このエリアには、Reborn-Art Festival 2017のメインビジュアルにも使われた、名和晃平のアート作品『White Deer(Oshika)』がある。自然と人間の共存を、アートを通じて考えることができるプログラムだ。
③ 鹿角クラフト
鹿肉の解体に引き続き、小野寺さんが講師を務めるプログラム。同じかたちがふたつとない鹿角で、オリジナルストラップを作ることができる。
〈DAY1 17:30〉鹿を食す
参加者は再び「FERMENTO」に集合。解体した鹿肉が調理され、テーブルに盛りつけられている——のだが。
あれ、お箸は? スプーンも、フォークもない。と、その時。「今回は手で食べていただきます」でも、実はこの展開、ちょっと予測していました!ナビゲーター成瀬さんの言葉は続く。「汁気があるかパサパサか、熱いか冷たいか、手でも感じながら食べてみてください」以下、メニュー。・鹿肉のパエリア・鹿肉スペアリブ・鹿肉の朴葉巻きロースト・鹿肉の岩塩煮込みまさに、鹿肉のフルコース。どの料理でもまったく臭みがなく、食べやすい。手で食べることにはなかなか慣れないけれど、その分、豪快に食べることができるのも事実。

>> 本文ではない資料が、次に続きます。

(* Let $M$ be a matroid on $S$ and $N$ a matroid on $T$ with $S\cap T=\emptyset$, and let $L=M\mathbin{\Box} N$. A subset $A\neq S$ of $S\cup T$ is a cyclic flat of $L$ if and only if either $A\subseteq S$ and $A$ is a cyclic flat of $M$, or $A=S\cup B$ where $B$ is a nonempty cyclic flat of $N$. The set $S$ is a cyclic flat of $L$ if and only if $M$ has no isthmus and $N$ has no loop.
   Context: For a matroid $M$ on $S$ write $\rho_M$ for rank, $\rho(M)=\rho_M(S)$, $\nu_M(A)=|A|-\rho_M(A)$, $\lambda_M(A)=\rho(M)-\rho_M(A)$. For matroids $M$ on $S$ and $N$ on $T$ with $S\cap T=\emptyset$, the free product $M\mathbin{\Box} N$ is the matroid on $S\cup T$ whose independent sets are those $A$ with $A\cap S$ independent in $M$ and $\lambda_M(A\cap S)\geq\nu_N(A\cap T)$. A cyclic flat is a flat that is a union of circuits (equivalently a flat $F$ with $M|F$ isthmusless). *)

theory Defs
  imports Main
begin

definition matroid :: "'a set \<Rightarrow> ('a set \<Rightarrow> bool) \<Rightarrow> bool" where
  "matroid E indep \<longleftrightarrow>
     finite E \<and>
     (\<forall>X. indep X \<longrightarrow> X \<subseteq> E) \<and>
     indep {} \<and>
     (\<forall>X Y. indep X \<and> Y \<subseteq> X \<longrightarrow> indep Y) \<and>
     (\<forall>X Y. indep X \<and> indep Y \<and> card X < card Y \<longrightarrow> (\<exists>e\<in>Y - X. indep (insert e X)))"

definition rk :: "('a set \<Rightarrow> bool) \<Rightarrow> 'a set \<Rightarrow> nat" where
  "rk indep X = Max {card I | I. I \<subseteq> X \<and> indep I}"

definition nullity :: "('a set \<Rightarrow> bool) \<Rightarrow> 'a set \<Rightarrow> int" where
  "nullity indep A = int (card A) - int (rk indep A)"

definition corank_gap :: "'a set \<Rightarrow> ('a set \<Rightarrow> bool) \<Rightarrow> 'a set \<Rightarrow> int" where
  "corank_gap E indep A = int (rk indep E) - int (rk indep A)"

definition free_product_indep ::
  "'a set \<Rightarrow> ('a set \<Rightarrow> bool) \<Rightarrow> 'a set \<Rightarrow> ('a set \<Rightarrow> bool) \<Rightarrow> 'a set \<Rightarrow> bool" where
  "free_product_indep S indM T indN A \<longleftrightarrow>
     A \<subseteq> S \<union> T \<and> indM (A \<inter> S) \<and>
     corank_gap S indM (A \<inter> S) \<ge> nullity indN (A \<inter> T)"

definition circuit :: "'a set \<Rightarrow> ('a set \<Rightarrow> bool) \<Rightarrow> 'a set \<Rightarrow> bool" where
  "circuit E indep C \<longleftrightarrow> C \<subseteq> E \<and> \<not> indep C \<and> (\<forall>D. D \<subset> C \<longrightarrow> indep D)"

definition flat :: "'a set \<Rightarrow> ('a set \<Rightarrow> bool) \<Rightarrow> 'a set \<Rightarrow> bool" where
  "flat E indep F \<longleftrightarrow> F \<subseteq> E \<and> (\<forall>e \<in> E - F. rk indep (insert e F) > rk indep F)"

definition cyclic_flat :: "'a set \<Rightarrow> ('a set \<Rightarrow> bool) \<Rightarrow> 'a set \<Rightarrow> bool" where
  "cyclic_flat E indep F \<longleftrightarrow> flat E indep F \<and>
     (\<exists>\<C>. (\<forall>C\<in>\<C>. circuit E indep C) \<and> F = \<Union>\<C>)"

definition isthmus :: "'a set \<Rightarrow> ('a set \<Rightarrow> bool) \<Rightarrow> 'a \<Rightarrow> bool" where
  "isthmus E indep e \<longleftrightarrow> e \<in> E \<and> (\<forall>C. circuit E indep C \<longrightarrow> e \<notin> C)"

definition loop :: "'a set \<Rightarrow> ('a set \<Rightarrow> bool) \<Rightarrow> 'a \<Rightarrow> bool" where
  "loop E indep e \<longleftrightarrow> e \<in> E \<and> circuit E indep {e}"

「鹿肉、全然食べれるでしょ。おいしいでしょ」猟師の小野寺さんが語りかけてくれる。鹿肉は鉄分が豊富で、消化が早く、食べるとよく体が温まるのだそうだ。「今まではただただ処分されてきた鹿だけど、こうしてみんなに食べてもらえてうれしい。鹿のおいしさを知ってくれるといいなあ」食べながら、(あ、これさっき解体したあの部位だ)とわかる。さっきまで生きていたようなあの鹿の姿、解体の感触を思い出しながら、本当の「いただきます」の意味を理解できたような気がした。
〈DAY1 19:00〉1日目、終了!
これにて1日目の行程は無事終了。参加者はホテルへ。いろいろ思ったり考えたりすることもあるし、「Reborn-Art」の答えはまだはっきりしない。けれど、とにかく寝ることにする。明日、朝4時起きで漁に行くからな!(次回へ続く)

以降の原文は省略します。